A year earlier in Iraq, Captain Wilson’s predecessor, a green second lieutenant, had planned a mission-a straightforward insurgent hunt along the southern shores of Buhayrat (Lake) Saddam, north of Mosel-and Driscoll had concurred. Problem was, the young lieutenant was more interested in filing a glowing report than he was in the safety of his Rangers. Against Driscoll’s advice and with night falling, he’d split the team to flank a bunker complex, but as was their tendency, the hastily redrawn plan didn’t survive its first contact with the enemy-in this case, a company-sized gathering of Saddam ex-army loyalists who encircled and butchered the young lieutenant’s fire team before turning their attention on Driscoll and his men. The fighting withdrawal had taken most of the night, until finally Driscoll and three others made their way back across the Tigris and within range of a firebase.
Driscoll had known the lieutenant’s plan was a disaster in the making. But had he argued strongly enough against it? If he’d pushed it… Well. This was the question that had haunted him for the past year. And now here again in Indian country, but this time all the decisions-good, bad, disastrous-were all his own.
Eye on the ball, Driscoll commanded himself. Head back in the game.
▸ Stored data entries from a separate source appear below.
lemma way_below_if_ClopBi:
  assumes K: "L_compact T le" and B: "B \<in> ClopBi T le" "B \<subseteq> U"
  shows "way_below T le B U"
  unfolding way_below_def
proof (intro allI impI)
  fix W assume W: "openin T W \<and> upset T le W" and UW: "U \<subseteq> T closure_of W"
  have BT: "B \<subseteq> topspace T" using B unfolding ClopBi_def upset_def by auto
  define W' where "W' = W \<union> (topspace T - B)"
  have "openin T W'" unfolding W'_def using W B
    by (simp add: ClopBi_def clopen_in_def openin_Un openin_diff)
  moreover have "upset T le W'" unfolding W'_def using W B
    unfolding upset_def ClopBi_def downset_def by blast
  moreover have "topspace T \<subseteq> T closure_of W'"
  proof -
    have "T closure_of W \<subseteq> T closure_of W'" unfolding W'_def by (simp add: closure_of_mono)
    moreover have "topspace T - B \<subseteq> T closure_of W'"
      using closure_of_subset[of W' T] W unfolding W'_def by (auto dest: openin_subset)
    ultimately show ?thesis using UW B(2) BT by blast
  qed
  ultimately have "W' = topspace T" by (rule L_compact_dense_open_upset[OF K])
  then show "B \<subseteq> W" using BT unfolding W'_def by auto
qed

lemma ker_eq_cen:
  assumes S: "stone_L_space T le" and U: "U \<in> ClopUp T le"
  shows "ker T le U = cen T le U"
proof
  show "ker T le U \<subseteq> cen T le U"
  proof
    fix x assume "x \<in> ker T le U"
    then obtain V where "way_below T le V U" "x \<in> V" unfolding ker_def by blast
    moreover have "U \<subseteq> T closure_of (cen T le U)" using S U by (simp add: stone_L_space_def)
    ultimately have "V \<subseteq> cen T le U"
      using openin_cen[of T le U] upset_cen[of T le U] unfolding way_below_def by blast
    then show "x \<in> cen T le U" using \<open>x \<in> V\<close> by blast
  qed
  show "cen T le U \<subseteq> ker T le U"
  proof
    fix x assume "x \<in> cen T le U"
    then obtain B where B: "B \<in> ClopBi T le" "B \<subseteq> U" "x \<in> B" unfolding cen_def by blast
    have "L_compact T le" using S unfolding stone_L_space_def by blast
    then have "way_below T le B U" using B(1,2) by (rule way_below_if_ClopBi)
    moreover have "B \<in> ClopUp T le" using B(1) unfolding ClopBi_def ClopUp_def by blast
    ultimately show "x \<in> ker T le U" using B(3) unfolding ker_def by blast
  qed
qed

lemma ClopBi_preimage:
  assumes f: "continuous_map T1 T2 f"
    and mono: "\<forall>x\<in>topspace T1. \<forall>y\<in>topspace T1. le1 x y \<longrightarrow> le2 (f x) (f y)"
    and B: "B \<in> ClopBi T2 le2"
  shows "{x \<in> topspace T1. f x \<in> B} \<in> ClopBi T1 le1"
proof -
  have "openin T2 B" "closedin T2 B" "upset T2 le2 B" "downset T2 le2 B"
    using B unfolding ClopBi_def clopen_in_def by auto
  moreover have "f x \<in> topspace T2" if "x \<in> topspace T1" for x
    using f that unfolding continuous_map_def by blast
  ultimately show ?thesis
    using openin_continuous_map_preimage[OF f] closedin_continuous_map_preimage[OF f] mono
    unfolding ClopBi_def clopen_in_def upset_def downset_def by (blast intro: openin_Int closedin_Int)
qed

lemma cen_preimage_subset:
  assumes "continuous_map T1 T2 f"
    and "\<forall>x\<in>topspace T1. \<forall>y\<in>topspace T1. le1 x y \<longrightarrow> le2 (f x) (f y)"
  shows "{x \<in> topspace T1. f x \<in> cen T2 le2 U} \<subseteq> cen T1 le1 {x \<in> topspace T1. f x \<in> U}"
proof
  fix x assume "x \<in> {x \<in> topspace T1. f x \<in> cen T2 le2 U}"
  then obtain B where "B \<in> ClopBi T2 le2" "B \<subseteq> U" "x \<in> topspace T1" "f x \<in> B"
    unfolding cen_def by auto
  then show "x \<in> cen T1 le1 {x \<in> topspace T1. f x \<in> U}"
    using ClopBi_preimage[OF assms] unfolding cen_def by blast
qed

theorem theorem5p14:
  fixes T :: "'a topology" and le :: "'a \<Rightarrow> 'a \<Rightarrow> bool"
    and T1 :: "'a topology" and le1 :: "'a \<Rightarrow> 'a \<Rightarrow> bool"
    and T2 :: "'b topology" and le2 :: "'b \<Rightarrow> 'b \<Rightarrow> bool"
    and f :: "'a \<Rightarrow> 'b"
  shows "(stone_L_space T le \<longrightarrow> coherent_L_space T le) \<and>
         (stone_L_space T1 le1 \<and> stone_L_space T2 le2 \<and> L_morphism T1 le1 T2 le2 f
            \<longrightarrow> coherent_L_morphism T1 le1 T2 le2 f)"
proof (intro conjI impI)
  assume S: "stone_L_space T le"
  then have "\<forall>U \<in> ClopUp T le. U \<subseteq> T closure_of (core T le U)"
    by (simp add: stone_L_space_def core_eq_cen)
  moreover have "\<forall>U \<in> ClopUp T le. \<forall>V \<in> ClopUp T le. ker T le (U \<inter> V) = ker T le U \<inter> ker T le V"
    using S by (simp add: ker_eq_cen ClopUp_Int cen_Int)
  ultimately show "coherent_L_space T le"
    using S unfolding stone_L_space_def coherent_L_space_def by blast
next
  assume "stone_L_space T1 le1 \<and> stone_L_space T2 le2 \<and> L_morphism T1 le1 T2 le2 f"
  then have S1: "stone_L_space T1 le1" and S2: "stone_L_space T2 le2"
    and M: "L_morphism T1 le1 T2 le2 f" by auto
  then have "{x \<in> topspace T1. f x \<in> core T2 le2 U} \<subseteq> core T1 le1 {x \<in> topspace T1. f x \<in> U}"
    for U
    using cen_preimage_subset[of T1 T2 f le1 le2 U]
    unfolding core_eq_cen[OF S1] core_eq_cen[OF S2] L_morphism_def by blast
  then show "coherent_L_morphism T1 le1 T2 le2 f"
    using M unfolding coherent_L_morphism_def by blast
qed

end
lemma poly_char_poly_class_mat:
  fixes w :: "nat \<Rightarrow> nat \<Rightarrow> 'a :: comm_ring_1"
  shows "poly (char_poly (mat n n (\<lambda>(a, b). w (cls a) (cls b) - (if a = b then 1 else 0)))) x =
    det (class_charmat (x + 1) w cls (\<lambda>_. 1) n)"
  unfolding char_poly_def
  by (rule poly_det_cong[of _ n]) (auto simp: char_poly_matrix_def class_charmat_def)

lemma det_star_class_quotient:
  "det (class_charmat (x + 1) star_class_entry id ((\<lambda>_. 1)(0 := real n - 3, 1 := 2)) 3) =
    poly [:- (real n - 1), - 7 * (real n - 2), - 2 * (real n - 1), 1:] x"
  by (simp add: det3 class_charmat_def star_class_entry_def) (simp add: algebra_simps power2_eq_square power3_eq_cube)

lemma poly_char_poly_steiner2_star_pair:
  assumes ij: "i < n" "j < n" "i \<noteq> j" "i \<noteq> 0" "j \<noteq> 0"
    and \<sigma>: "bij_betw \<sigma> {0..<n} (star_edges n \<union> {{i, j}})"
  shows "poly (char_poly (steiner2_submatrix n {0..<n} (star_edges n) \<sigma>)) x =
    det (class_charmat (x + 1) star_class_entry (star_pair_class (n - 3)) (\<lambda>_. 1) n)"
proof -
  have "card ({1..<n} - {i, j}) = n - 3" using ij by (simp add: card_Diff_subset)
  then obtain leaf where leaf: "bij_betw leaf {0..<n - 3} ({1..<n} - {i, j})"
    by (metis card_atLeastLessThan diff_zero finite_atLeastLessThan finite_Diff finite_same_card_bij)
  let ?\<rho> = "star_pair_enum leaf i j (n - 3)" and ?cls = "star_pair_class (n - 3)"
  have "char_poly (steiner2_submatrix n {0..<n} (star_edges n) \<sigma>) =
      char_poly (steiner2_submatrix n {0..<n} (star_edges n) ?\<rho>)"
    unfolding steiner2_submatrix_def
    by (rule char_poly_enumeration_indep[OF star_pair_enum_bij[OF ij leaf] \<sigma>,
          where f = "\<lambda>P Q. real (steiner2_entry {0..<n} (star_edges n) P Q)"])
  also have "steiner2_submatrix n {0..<n} (star_edges n) ?\<rho> =
      mat n n (\<lambda>(a, b). star_class_entry (?cls a) (?cls b) - (if a = b then 1 else 0))"
    unfolding steiner2_submatrix_def
    by (rule eq_matI) (simp_all add: steiner2_entry_star_pair_enum[OF ij leaf])
  finally show ?thesis by (simp add: poly_char_poly_class_mat)
qed

theorem theorem5p3:
  fixes n i j :: nat and \<sigma> :: "nat \<Rightarrow> nat set"
  assumes "i < n" and "j < n" and "i \<noteq> j" and "{i, j} \<notin> star_edges n"
    and "bij_betw \<sigma> {0..<n} (star_edges n \<union> {{i, j}})"
  shows "char_poly (steiner2_submatrix n {0..<n} (star_edges n) \<sigma>) =
    [:1, 1:] ^ (n - 3) *
    [:- (real n - 1), - 7 * (real n - 2), - 2 * (real n - 1), 1:]"
proof -
  have ij: "i < n" "j < n" "i \<noteq> j" "i \<noteq> 0" "j \<noteq> 0"
    using assms(1-4) by (auto simp: star_edges_def)
  then have n: "n = (n - 3) + 3" by linarith
  have "poly (char_poly (steiner2_submatrix n {0..<n} (star_edges n) \<sigma>)) x =
      (x + 1) ^ (n - 3) *
      det (class_charmat (x + 1) star_class_entry id ((\<lambda>_. 1)(0 := real n - 3, 1 := 2)) 3)" for x
    using poly_char_poly_steiner2_star_pair[OF ij assms(5)]
      det_star_class_charmat[of "x + 1" star_class_entry "n - 3"] n
    by (simp add: of_nat_diff)
  then have "poly (char_poly (steiner2_submatrix n {0..<n} (star_edges n) \<sigma>)) =
      poly ([:1, 1:] ^ (n - 3) * [:- (real n - 1), - 7 * (real n - 2), - 2 * (real n - 1), 1:])"
    by (simp only: det_star_class_quotient fun_eq_iff poly_mult poly_power) (simp add: add.commute)
  then show ?thesis by (simp only: poly_eq_poly_eq_iff)
qed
He took another step forward. Still nothing ahead. The Pashto people might be tough-they damned well were tough, Driscoll had learned-but they hadn’t been trained beyond how to point a rifle and pull the trigger. There should have been somebody in the cave entrance doing overwatch. He saw some cigarette butts nearby. Maybe a sentry had been here and run out of smokes. Bad habit, Gomer, Driscoll thought. Bad fieldcraft. Slowly, carefully, he eased inside. His night-vision goggles were a godsend. The cave was straight for about fifteen meters, rough sides, mostly oval-shaped in cross-section. No lights. Not even a candle, but he could see a right turn coming, so Driscoll kept his eyes tuned for light. The cave floor was devoid of clutter. That told the sergeant much: Somebody lived here. They’d been given solid information. Will miracles never cease? Driscoll thought. As often as not, these hunting expeditions turned up nothing but an empty hidey-hole and a bunch of pissed-off Rangers holding their own dicks.